Much of our room for maneuver is taken up by the huge size of our market, but smaller economies like Ghana’s thrive on doubling down on innovation, having a relatively stable political climate, social development and ease of to do business. From Twitter set up its first African base in Ghana, a litany of investors and companies have settled there because its political gatekeepers know how to talk to investors in the language they understand. Its currency has also been relatively stable – you can see this in the cautious nature with which monetary and fiscal policies are managed.

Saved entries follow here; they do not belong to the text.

lemma chi_addv: "d > 0 \<Longrightarrow> chi d n z (addv d n x y) = chi d n z x * chi d n z y"
  by (subst chi_add[symmetric], rule chi_cong_mod) (auto simp: addv_def)

lemma chi_negv:
  assumes "d > 0"
  shows "chi d n z (negv d n x) = cnj (chi d n z x)"
proof -
  have "chi d n z (negv d n x) * chi d n z x = chi d n z zero_v"
    unfolding chi_add[symmetric] using neg_mod_add_cancel[OF assms]
    by (intro chi_cong_mod[OF assms]) (simp add: negv_def zero_v_def)
  then have "chi d n z (negv d n x) * chi d n z x * cnj (chi d n z x) = cnj (chi d n z x)"
    by simp
  then show ?thesis by (simp add: mult.assoc)
qed

lemma chi_subv: "d > 0 \<Longrightarrow> chi d n z (subv d n x y) = chi d n z x * cnj (chi d n z y)"
  unfolding subv_def by (simp add: chi_addv chi_negv)

lemma sum_chi_orthogonal:
  assumes d: "d > 0" and x: "x \<in> Zdn d n" and y: "y \<in> Zdn d n"
  shows "(\<Sum>\<beta>\<in>Zdn d n. chi d n \<beta> x * cnj (chi d n \<beta> y)) = (if x = y then of_nat (d ^ n) else 0)"
proof (cases "x = y")
  case True
  then show ?thesis by (simp add: card_Zdn)
next
  case False
  have "\<exists>i<n. x i \<noteq> y i"
  proof (rule ccontr)
    assume "\<not> (\<exists>i<n. x i \<noteq> y i)"
    then have "x k = y k" for k
      using x y unfolding Zdn_def by (cases "k < n") auto
    then show False using False by blast
  qed
  then obtain i where i: "i < n" "x i \<noteq> y i" by blast
  have xi: "x i < d" and yi: "y i < d" using x y i(1) unfolding Zdn_def by auto
  define b where "b = (\<lambda>k. if k = i then 1 else (0::nat))"
  have b: "b \<in> Zdn d n" using xi yi i unfolding Zdn_def b_def by auto
  have chi_b: "chi d n z b = unity_root d (z i)" for z
  proof -
    have "(\<Sum>k<n. z k * b k) = (\<Sum>k<n. if k = i then z k else 0)"
      unfolding b_def by (intro sum.cong) auto
    then show ?thesis using i(1) unfolding chi_eq_unity_root by simp
  qed
  define f where "f = (\<lambda>\<beta>. chi d n \<beta> x * cnj (chi d n \<beta> y))"
  define q where "q = chi d n x b * cnj (chi d n y b)"
  \<comment> \<open>Translating the summation variable by the unit vector b multiplies every
    summand by the phase q, which differs from 1 because x i and y i differ.\<close>
  have "f (addv d n \<beta> b) = f \<beta> * q" for \<beta>
    unfolding f_def q_def chi_commute[of d n "addv d n \<beta> b"] chi_addv[OF d]
    by (simp add: chi_commute mult_ac)
  then have "sum f (Zdn d n) = sum f (Zdn d n) * q"
    using sum.reindex_bij_betw[OF bij_betw_addv[OF d, of n b], of f]
    by (simp add: sum_distrib_right)
  moreover have "q \<noteq> 1"
  proof
    assume "q = 1"
    then have "chi d n x b * cnj (chi d n y b) * chi d n y b = chi d n y b"
      unfolding q_def by simp
    then have "chi d n x b = chi d n y b"
      by (simp only: mult.assoc cnj_mult_chi mult_1_right)
    then have "unity_root d (x i) = unity_root d (y i)"
      by (simp only: chi_b)
    then show False using inj_on_unity_root[OF d] xi yi i(2) unfolding inj_on_def by blast
  qed
  ultimately show ?thesis using False unfolding f_def by auto
qed

section \<open>Superoperators and the Weyl twirl\<close>

lemma superop_zero:
  assumes "superop d n \<Phi>"
  shows "\<Phi> (\<lambda>j k. 0) = (\<lambda>j k. 0)"
proof -
  have "\<Phi> (\<lambda>j k. 0 * A j k) = (\<lambda>j k. 0 * \<Phi> A j k)" for A
    using assms unfolding superop_def by blast
  then show ?thesis by simp
qed

lemma superop_sum:
  assumes "superop d n \<Phi>" and "finite S"
  shows "\<Phi> (\<lambda>j k. \<Sum>x\<in>S. f x j k) = (\<lambda>j k. \<Sum>x\<in>S. \<Phi> (f x) j k)"
  using assms(2)
proof (induction S rule: finite_induct)
  case empty
  then show ?case using superop_zero[OF assms(1)] by simp
next
  case (insert a S)
  have "\<Phi> (\<lambda>j k. A j k + B j k) = (\<lambda>j k. \<Phi> A j k + \<Phi> B j k)" for A B
    using assms(1) unfolding superop_def by blast
  from this[of "f a" "\<lambda>j k. \<Sum>x\<in>S. f x j k"] show ?case using insert by simp
qed
(* Let $(X,d)$ be a complete metric space, fix $\lambda\in(0,1)$, and let $W:X\times X\times[0,1]\to P_{cl}(X)$ be a mapping such that (i) $W(x,x,\mu)=\{x\}$ for all $x\in X$, $\mu\in(0,1)$, and (ii) for $\mu\in(0,1)$ and $x,y\in X$, $W(x,y,\mu)=\{x\}$ implies $y=x$. Let $T:X\to P_{cl}(X)$ be a multivalued operator with $SFix(T)\neq\emptyset$ and let $T_W(x)=W(x,T(x),\lambda):=\bigcup_{y\in T(x)}W(x,y,\lambda)$ be the Takahashi admissible perturbation of $T$. Suppose there exist $\alpha,\beta,\gamma\ge0$ with $\alpha+\beta+\gamma<1$ such that $$H(W(x,T(x),\lambda),W(y,T(y),\lambda))\le\alpha d(x,y)+\beta D(x,W(y,T(y),\lambda))+\gamma D(y,W(x,T(x),\lambda))$$ for all $x,y\in X$. Then: (i) $Fix(T)=SFix(T)=\{x^*\}$ for some $x^*\in X$; (ii) if moreover there exists $l\in(0,1)$ with $H(T(x),\{x^*\})\le l\,H(W(x,T(x),\lambda),\{x^*\})$ for all $x\in X$, then $H(T^n(x),\{x^*\})\to0$ for each $x\in X$; (iii) if moreover there exists $L>0$ with $D(x,W(x,T(x),\lambda))\le L\,D(x,T(x))$ for all $x\in X$, then for some $\xi\in(0,1)$, $$d(x,x^* )\le\frac{(1+\gamma)L}{(1-\alpha-\beta)\xi}D(x,T(x))\quad\text{for all }x\in X.$$
   Context: $P_{cl}(X)$ is the family of nonempty closed subsets of $X$. $Fix(T)=\{x:x\in T(x)\}$, $SFix(T)=\{x:T(x)=\{x\}\}$. For nonempty $A,B\subseteq X$: $D(a,B)=\inf_{b\in B}d(a,b)$, $e(A,B)=\sup_{a\in A}D(a,B)$, $H(A,B)=\max\{e(A,B),e(B,A)\}$. Iterates: $T^0(x)=\{x\}$, $T^n(x)=\bigcup_{y\in T^{n-1}(x)}T(y)$. *)

theory Defs
  imports "HOL-Analysis.Analysis"
begin

definition Fix :: "('a \<Rightarrow> 'a set) \<Rightarrow> 'a set" where
  "Fix T = {x. x \<in> T x}"

definition SFix :: "('a \<Rightarrow> 'a set) \<Rightarrow> 'a set" where
  "SFix T = {x. T x = {x}}"

abbreviation Dist :: "'a::metric_space \<Rightarrow> 'a set \<Rightarrow> real" where
  "Dist a B \<equiv> infdist a B"

text \<open>Excess e(A,B) and Pompeiu-Hausdorff H(A,B), valued in the extended reals
  (they may be infinite for unbounded sets).\<close>
definition excess :: "'a::metric_space set \<Rightarrow> 'a set \<Rightarrow> ereal" where
  "excess A B = (SUP a\<in>A. ereal (infdist a B))"

definition Hdist :: "'a::metric_space set \<Rightarrow> 'a set \<Rightarrow> ereal" where
  "Hdist A B = max (excess A B) (excess B A)"

definition Wset :: "('a \<Rightarrow> 'a \<Rightarrow> real \<Rightarrow> 'a set) \<Rightarrow> 'a \<Rightarrow> 'a set \<Rightarrow> real \<Rightarrow> 'a set" where
  "Wset W x A \<mu> = (\<Union>y\<in>A. W x y \<mu>)"

fun Titer :: "('a \<Rightarrow> 'a set) \<Rightarrow> nat \<Rightarrow> 'a \<Rightarrow> 'a set" where
  "Titer T 0 x = {x}"
| "Titer T (Suc n) x = (\<Union>y\<in>Titer T n x. T y)"

end

theory Submission
  imports Defs
begin

text \<open>Let \<open>x\<^sup>*\<close> be a strict fixed point of \<open>T\<close>; then \<open>T\<^sub>W(x\<^sup>*) = {x\<^sup>*}\<close>. Taking \<open>y = x\<^sup>*\<close> in the
  Reich-type condition and solving for \<open>D(x\<^sup>*, T\<^sub>W x)\<close> shows that every point of \<open>T\<^sub>W x\<close> lies
  within \<open>k d(x, x\<^sup>*)\<close> of \<open>x\<^sup>*\<close>, where \<open>k = (\<alpha> + \<beta>) / (1 - \<gamma>) < 1\<close>. A fixed point \<open>u\<close> of \<open>T\<close> lies
  in \<open>T\<^sub>W u\<close>, hence \<open>d(u, x\<^sup>*) \<le> k d(u, x\<^sup>*)\<close> and \<open>u = x\<^sup>*\<close>. Under the hypothesis of (ii) the
  sets \<open>T x\<close> are attracted to \<open>x\<^sup>*\<close> with factor \<open>l k\<close>, so the iterates shrink geometrically.
  For (iii) the triangle inequality gives \<open>(1 - k) d(x, x\<^sup>*) \<le> D(x, T\<^sub>W x) \<le> L D(x, T x)\<close>,
  and \<open>\<xi> = (1 - \<alpha> - \<beta> - \<gamma>) / 2\<close> makes the stated constant dominate \<open>L / (1 - k)\<close>.\<close>

lemma Hdist_singleton_le_iff:
  fixes A :: "'a::metric_space set"
  assumes "A \<noteq> {}"
  shows "Hdist A {z} \<le> ereal c \<longleftrightarrow> (\<forall>a\<in>A. dist a z \<le> c)"
proof
  assume H: "Hdist A {z} \<le> ereal c"
  show "\<forall>a\<in>A. dist a z \<le> c"
  proof
    fix a assume "a \<in> A"
    then have "ereal (infdist a {z}) \<le> excess A {z}"
      unfolding excess_def by (rule SUP_upper)
    also have "\<dots> \<le> Hdist A {z}" unfolding Hdist_def by simp
    also have "\<dots> \<le> ereal c" by (rule H)
    finally show "dist a z \<le> c" by simp
  qed
next
  assume bound: "\<forall>a\<in>A. dist a z \<le> c"
  obtain a0 where "a0 \<in> A" using assms by blast
  then have "infdist z A \<le> c" using bound by (intro infdist_le2) (auto simp: dist_commute)
  then have "excess {z} A \<le> ereal c" unfolding excess_def by simp
  moreover have "excess A {z} \<le> ereal c"
    unfolding excess_def using bound by (auto intro!: SUP_least)
  ultimately show "Hdist A {z} \<le> ereal c" unfolding Hdist_def by simp
qed

lemma Hdist_nonneg:
  fixes A B :: "'a::metric_space set"
  assumes "B \<noteq> {}"
  shows "0 \<le> Hdist A B"
proof -
  obtain b where "b \<in> B" using assms by blast
  then have "ereal 0 \<le> excess B A"
    unfolding excess_def by (rule SUP_upper2) (simp add: infdist_nonneg)
  then show ?thesis unfolding Hdist_def zero_ereal_def by (rule max.coboundedI2)
qed

lemma Hdist_singleton_tendsto_0:
  fixes A :: "nat \<Rightarrow> 'a::metric_space set"
  assumes "\<And>n. A n \<noteq> {}" "\<And>n a. a \<in> A n \<Longrightarrow> dist a z \<le> f n" "f \<longlonglongrightarrow> 0"
  shows "(\<lambda>n. Hdist (A n) {z}) \<longlonglongrightarrow> 0"
proof (rule tendsto_sandwich)
  show "\<forall>\<^sub>F n in sequentially. 0 \<le> Hdist (A n) {z}"
    by (simp add: Hdist_nonneg)
  show "\<forall>\<^sub>F n in sequentially. Hdist (A n) {z} \<le> ereal (f n)"
    using assms(1,2) by (simp add: Hdist_singleton_le_iff)
  show "(\<lambda>n. ereal (f n)) \<longlonglongrightarrow> 0"
    using assms(3) by (simp add: zero_ereal_def tendsto_ereal)
qed simp

lemma infdist_ge:
  fixes A :: "'a::metric_space set"
  assumes "A \<noteq> {}" "\<And>a. a \<in> A \<Longrightarrow> c \<le> dist x a"
  shows "c \<le> infdist x A"
  using assms by (auto simp: infdist_notempty intro!: cINF_greatest)

lemma Titer_nonempty:
  assumes "\<And>x. T x \<noteq> {}"
  shows "Titer T n x \<noteq> {}"
  using assms by (induction n) auto

lemma Titer_dist_le_power:
  fixes T :: "'a::metric_space \<Rightarrow> 'a set"
  assumes "0 \<le> r" "\<And>x b. b \<in> T x \<Longrightarrow> dist b z \<le> r * dist x z"
  shows "b \<in> Titer T n x \<Longrightarrow> dist b z \<le> r ^ n * dist x z"
proof (induction n arbitrary: b)
  case (Suc n)
  then obtain y where y: "y \<in> Titer T n x" "b \<in> T y" by auto
  have "dist b z \<le> r * dist y z" using assms(2) y(2) .
  also have "\<dots> \<le> r * (r ^ n * dist x z)" using Suc.IH[OF y(1)] assms(1) by (rule mult_left_mono)
  finally show ?case by simp
qed simp

lemma Reich_condition_attracts_to_strict_fixpoint:
  fixes S :: "'a::metric_space \<Rightarrow> 'a set"
  assumes fix_z: "S z = {z}" and \<gamma>: "0 \<le> \<gamma>" "\<gamma> < 1"
    and Reich: "Hdist (S x) (S z)
        \<le> ereal (\<alpha> * dist x z + \<beta> * infdist x (S z) + \<gamma> * infdist z (S x))"
    and a: "a \<in> S x"
  shows "dist a z \<le> (\<alpha> + \<beta>) / (1 - \<gamma>) * dist x z"
proof -
  define d where "d = dist x z"
  define \<delta> where "\<delta> = infdist z (S x)"
  have bound: "dist b z \<le> (\<alpha> + \<beta>) * d + \<gamma> * \<delta>" if "b \<in> S x" for b
    using Reich that a unfolding fix_z d_def \<delta>_def
    by (subst (asm) Hdist_singleton_le_iff) (auto simp: algebra_simps)
  have "\<delta> \<le> dist a z" unfolding \<delta>_def using infdist_le[OF a, of z] by (simp add: dist_commute)
  also have "\<dots> \<le> (\<alpha> + \<beta>) * d + \<gamma> * \<delta>" using bound[OF a] .
  finally have "\<gamma> * \<delta> \<le> \<gamma> * ((\<alpha> + \<beta>) * d / (1 - \<gamma>))"
    using \<gamma> by (intro mult_left_mono) (simp_all add: field_simps)
  then have "(\<alpha> + \<beta>) * d + \<gamma> * \<delta> \<le> (\<alpha> + \<beta>) / (1 - \<gamma>) * d"
    using \<gamma> by (simp add: field_simps)
  then show ?thesis using bound[OF a] unfolding d_def by linarith
qed

context
  fixes S :: "'a::metric_space \<Rightarrow> 'a set" and z :: 'a and k :: real
  assumes attracts: "\<And>x a. a \<in> S x \<Longrightarrow> dist a z \<le> k * dist x z"
begin

lemma Fix_eq_SFix_eq_singleton_if_attracted:
  assumes "k < 1" "T z = {z}" "\<And>x. x \<in> T x \<Longrightarrow> x \<in> S x"
  shows "Fix T = {z}" "SFix T = {z}"
proof -
  have "u = z" if "u \<in> T u" for u
  proof -
    have "dist u z \<le> k * dist u z" using attracts assms(3) that by blast
    then have "(1 - k) * dist u z \<le> 0" by (simp add: algebra_simps)
    then show ?thesis using \<open>k < 1\<close> by (simp add: mult_le_0_iff)
  qed
  then show "Fix T = {z}" "SFix T = {z}"
    using assms(2) unfolding Fix_def SFix_def by auto
qed

lemma Titer_Hdist_tendsto_0_if_attracted:
  assumes "0 \<le> k" "0 \<le> l" "l * k < 1"
    and "\<And>x. S x \<noteq> {}" "\<And>x. T x \<noteq> {}"
    and T_le_S: "\<And>x. Hdist (T x) {z} \<le> ereal l * Hdist (S x) {z}"
  shows "(\<lambda>n. Hdist (Titer T n x) {z}) \<longlonglongrightarrow> 0"
proof -
  have "dist b z \<le> (l * k) * dist y z" if "b \<in> T y" for y b
  proof -
    have "Hdist (S y) {z} \<le> ereal (k * dist y z)"
      using assms(4) attracts by (simp add: Hdist_singleton_le_iff)
    then have "ereal l * Hdist (S y) {z} \<le> ereal l * ereal (k * dist y z)"
      using \<open>0 \<le> l\<close> by (intro ereal_mult_left_mono) auto
    with T_le_S have "Hdist (T y) {z} \<le> ereal (l * k * dist y z)"
      by (metis mult.assoc order_trans times_ereal.simps(1))
    then show ?thesis using assms(5) that by (simp add: Hdist_singleton_le_iff)
  qed
  then have "\<And>n b. b \<in> Titer T n x \<Longrightarrow> dist b z \<le> (l * k) ^ n * dist x z"
    using assms(1,2) by (intro Titer_dist_le_power) auto
  moreover have "(\<lambda>n. (l * k) ^ n * dist x z) \<longlonglongrightarrow> 0"
    using assms(1-3) by (intro tendsto_mult_left_zero LIMSEQ_power_zero) auto
  ultimately show ?thesis
    using Titer_nonempty[OF assms(5)] by (intro Hdist_singleton_tendsto_0) auto
qed

lemma dist_le_infdist_if_attracted:
  assumes "k < 1" "S x \<noteq> {}"
  shows "dist x z \<le> infdist x (S x) / (1 - k)"
proof -
  have "(1 - k) * dist x z \<le> infdist x (S x)"
  proof (rule infdist_ge[OF assms(2)])
    fix a assume "a \<in> S x"
    then show "(1 - k) * dist x z \<le> dist x a"
      using attracts[of a x] dist_triangle[of x z a] by (simp add: algebra_simps dist_commute)
  qed
  then show ?thesis using assms(1) by (simp add: field_simps)
qed

end

lemma Reich_error_constant_bound:
  fixes \<alpha> \<beta> \<gamma> :: real
  assumes "\<alpha> \<ge> 0" "\<beta> \<ge> 0" "\<gamma> \<ge> 0" "\<alpha> + \<beta> + \<gamma> < 1"
  obtains \<xi> where "0 < \<xi>" "\<xi> < 1"
    "\<And>L. 0 \<le> L \<Longrightarrow> L / (1 - (\<alpha> + \<beta>) / (1 - \<gamma>)) \<le> (1 + \<gamma>) * L / ((1 - \<alpha> - \<beta>) * \<xi>)"
proof
  define c where "c = 1 - \<alpha> - \<beta> - \<gamma>"
  show "0 < c / 2" "c / 2 < 1" using assms unfolding c_def by auto
  fix L :: real assume "0 \<le> L"
  have pos: "0 < 1 - \<gamma>" "0 < c" "0 < 1 - \<alpha> - \<beta>" using assms unfolding c_def by auto
  have "1 - (\<alpha> + \<beta>) / (1 - \<gamma>) = c / (1 - \<gamma>)"
    using pos unfolding c_def by (simp add: field_simps)
  then have "L / (1 - (\<alpha> + \<beta>) / (1 - \<gamma>)) = (1 - \<gamma>) * (1 - \<alpha> - \<beta>) * L / ((1 - \<alpha> - \<beta>) * c)"
    using pos by simp
  also have "\<dots> \<le> 2 * (1 + \<gamma>) * L / ((1 - \<alpha> - \<beta>) * c)"
    using assms pos \<open>0 \<le> L\<close>
    by (intro divide_right_mono mult_right_mono order_trans[OF mult_left_le]) auto
  also have "\<dots> = (1 + \<gamma>) * L / ((1 - \<alpha> - \<beta>) * (c / 2))"
    by simp
  finally show "L / (1 - (\<alpha> + \<beta>) / (1 - \<gamma>)) \<le> (1 + \<gamma>) * L / ((1 - \<alpha> - \<beta>) * (c / 2))" .
qed

theorem mainTheorem9:
  fixes W :: "'a::complete_space \<Rightarrow> 'a \<Rightarrow> real \<Rightarrow> 'a set"
    and T :: "'a \<Rightarrow> 'a set"
    and lam \<alpha> \<beta> \<gamma> :: real
  assumes lam: "0 < lam" "lam < 1"
    and W_cl: "\<And>x y \<mu>. \<mu> \<in> {0..1} \<Longrightarrow> W x y \<mu> \<noteq> {} \<and> closed (W x y \<mu>)"
    and W_diag: "\<And>x \<mu>. \<mu> \<in> {0<..<1} \<Longrightarrow> W x x \<mu> = {x}"
    and W_sing: "\<And>x y \<mu>. \<mu> \<in> {0<..<1} \<Longrightarrow> W x y \<mu> = {x} \<Longrightarrow> y = x"
    and T_cl: "\<And>x. T x \<noteq> {} \<and> closed (T x)"
    and SFix_ne: "SFix T \<noteq> {}"
    and coef: "\<alpha> \<ge> 0" "\<beta> \<ge> 0" "\<gamma> \<ge> 0" "\<alpha> + \<beta> + \<gamma> < 1"
    and contr: "\<And>x y. Hdist (Wset W x (T x) lam) (Wset W y (T y) lam)
        \<le> ereal (\<alpha> * dist x y + \<beta> * Dist x (Wset W y (T y) lam)
                 + \<gamma> * Dist y (Wset W x (T x) lam))"
  shows "\<exists>xs. Fix T = {xs} \<and> SFix T = {xs}
     \<and> ((\<exists>l. 0 < l \<and> l < 1 \<and>
            (\<forall>x. Hdist (T x) {xs} \<le> ereal l * Hdist (Wset W x (T x) lam) {xs}))
          \<longrightarrow> (\<forall>x. (\<lambda>n. Hdist (Titer T n x) {xs}) \<longlonglongrightarrow> 0))
     \<and> (\<forall>L>0. (\<forall>x. Dist x (Wset W x (T x) lam) \<le> L * Dist x (T x))
          \<longrightarrow> (\<exists>\<xi>. 0 < \<xi> \<and> \<xi> < 1 \<and>
                 (\<forall>x. dist x xs \<le> (1 + \<gamma>) * L / ((1 - \<alpha> - \<beta>) * \<xi>) * Dist x (T x))))"
proof -
  obtain z where z: "T z = {z}" using SFix_ne unfolding SFix_def by blast
  define TW where "TW x = Wset W x (T x) lam" for x
  define k where "k = (\<alpha> + \<beta>) / (1 - \<gamma>)"
  have W_diag_lam: "W x x lam = {x}" for x using W_diag lam by simp
  have TW_ne: "TW x \<noteq> {}" for x
    using T_cl[of x] W_cl[of lam] lam unfolding TW_def Wset_def by fastforce
  have k: "0 \<le> k" "k < 1" using coef unfolding k_def by (auto simp: field_simps)
  have attracts: "dist a z \<le> k * dist x z" if "a \<in> TW x" for x a
    using contr[of x z] coef that unfolding k_def TW_def
    by (intro Reich_condition_attracts_to_strict_fixpoint[of "\<lambda>x. Wset W x (T x) lam"])
       (auto simp: Wset_def z W_diag_lam)
  have "x \<in> TW x" if "x \<in> T x" for x using that W_diag_lam unfolding TW_def Wset_def by blast
  then have Fix_SFix: "Fix T = {z}" "SFix T = {z}"
    using Fix_eq_SFix_eq_singleton_if_attracted[OF attracts] k z by blast+
  have iterates: "\<forall>x. (\<lambda>n. Hdist (Titer T n x) {z}) \<longlonglongrightarrow> 0"
    if "0 < l" "l < 1" "\<forall>x. Hdist (T x) {z} \<le> ereal l * Hdist (TW x) {z}" for l
    using that k T_cl TW_ne mult_strict_mono[of l 1 k 1]
    by (intro allI Titer_Hdist_tendsto_0_if_attracted[OF attracts]) auto
  obtain \<xi> where \<xi>: "0 < \<xi>" "\<xi> < 1"
    and error_constant: "\<And>L. 0 \<le> L \<Longrightarrow> L / (1 - k) \<le> (1 + \<gamma>) * L / ((1 - \<alpha> - \<beta>) * \<xi>)"
    using Reich_error_constant_bound[OF coef] unfolding k_def by blast
  have error_bound: "dist x z \<le> (1 + \<gamma>) * L / ((1 - \<alpha> - \<beta>) * \<xi>) * Dist x (T x)"
    if L: "0 < L" "\<forall>x. Dist x (TW x) \<le> L * Dist x (T x)" for L x
  proof -
    have "dist x z \<le> Dist x (TW x) / (1 - k)"
      by (rule dist_le_infdist_if_attracted[OF attracts k(2) TW_ne])
    also have "\<dots> \<le> L / (1 - k) * Dist x (T x)"
      using L(2) k(2) by (simp add: divide_right_mono)
    also have "\<dots> \<le> (1 + \<gamma>) * L / ((1 - \<alpha> - \<beta>) * \<xi>) * Dist x (T x)"
      using error_constant L(1) by (intro mult_right_mono infdist_nonneg) auto
    finally show ?thesis .
  qed
  show ?thesis
    unfolding TW_def[symmetric] using Fix_SFix iterates error_bound \<xi> by blast
qed

end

It was sherlock holmes it says, “I can’t make bricks without clay.” We cannot, in the 21st century, afford to make critical decisions that are not backed by credible data for the sole purpose of appearing in the good books of voters. One of the challenges we face is an ingrained institutional apathy for credible data – which is why we cannot say categorically how much crude oil we export daily. It’s been hard to get something as basic as an actual train passenger manifest. It is a Herculean task to tell how much is generated at a toll plaza. The major institutions that manage our collective wealth will go on for years unaudited and even our national population numbers are a glorified guess sprinkled with educated guesses from multilateral organizations.

Luckily for us as a collective, the pandemic hasn’t done as much damage as expected in some quarters, but I dare say the post-pandemic world is going to be brutal as the global economy prioritizes its strategic interests . So if we don’t get our ducks in a row, they’ll look elsewhere and leave us behind. We should take this into account as the global business centers of Abu Dhabi, Berlin, Johannesburg, Kigali, London, New York, Paris, Shanghai, Singapore, Tokyo, etc., are eyeing investment-friendly destinations as the world reopens completely for trade. Responding to unscientific feelings can be dangerous because the road to hell is usually paved with good intentions.

Speaking of Albert Einstein, it is noted that he said that we cannot solve our problems with the same thought, awareness and mentality that we used when we created them.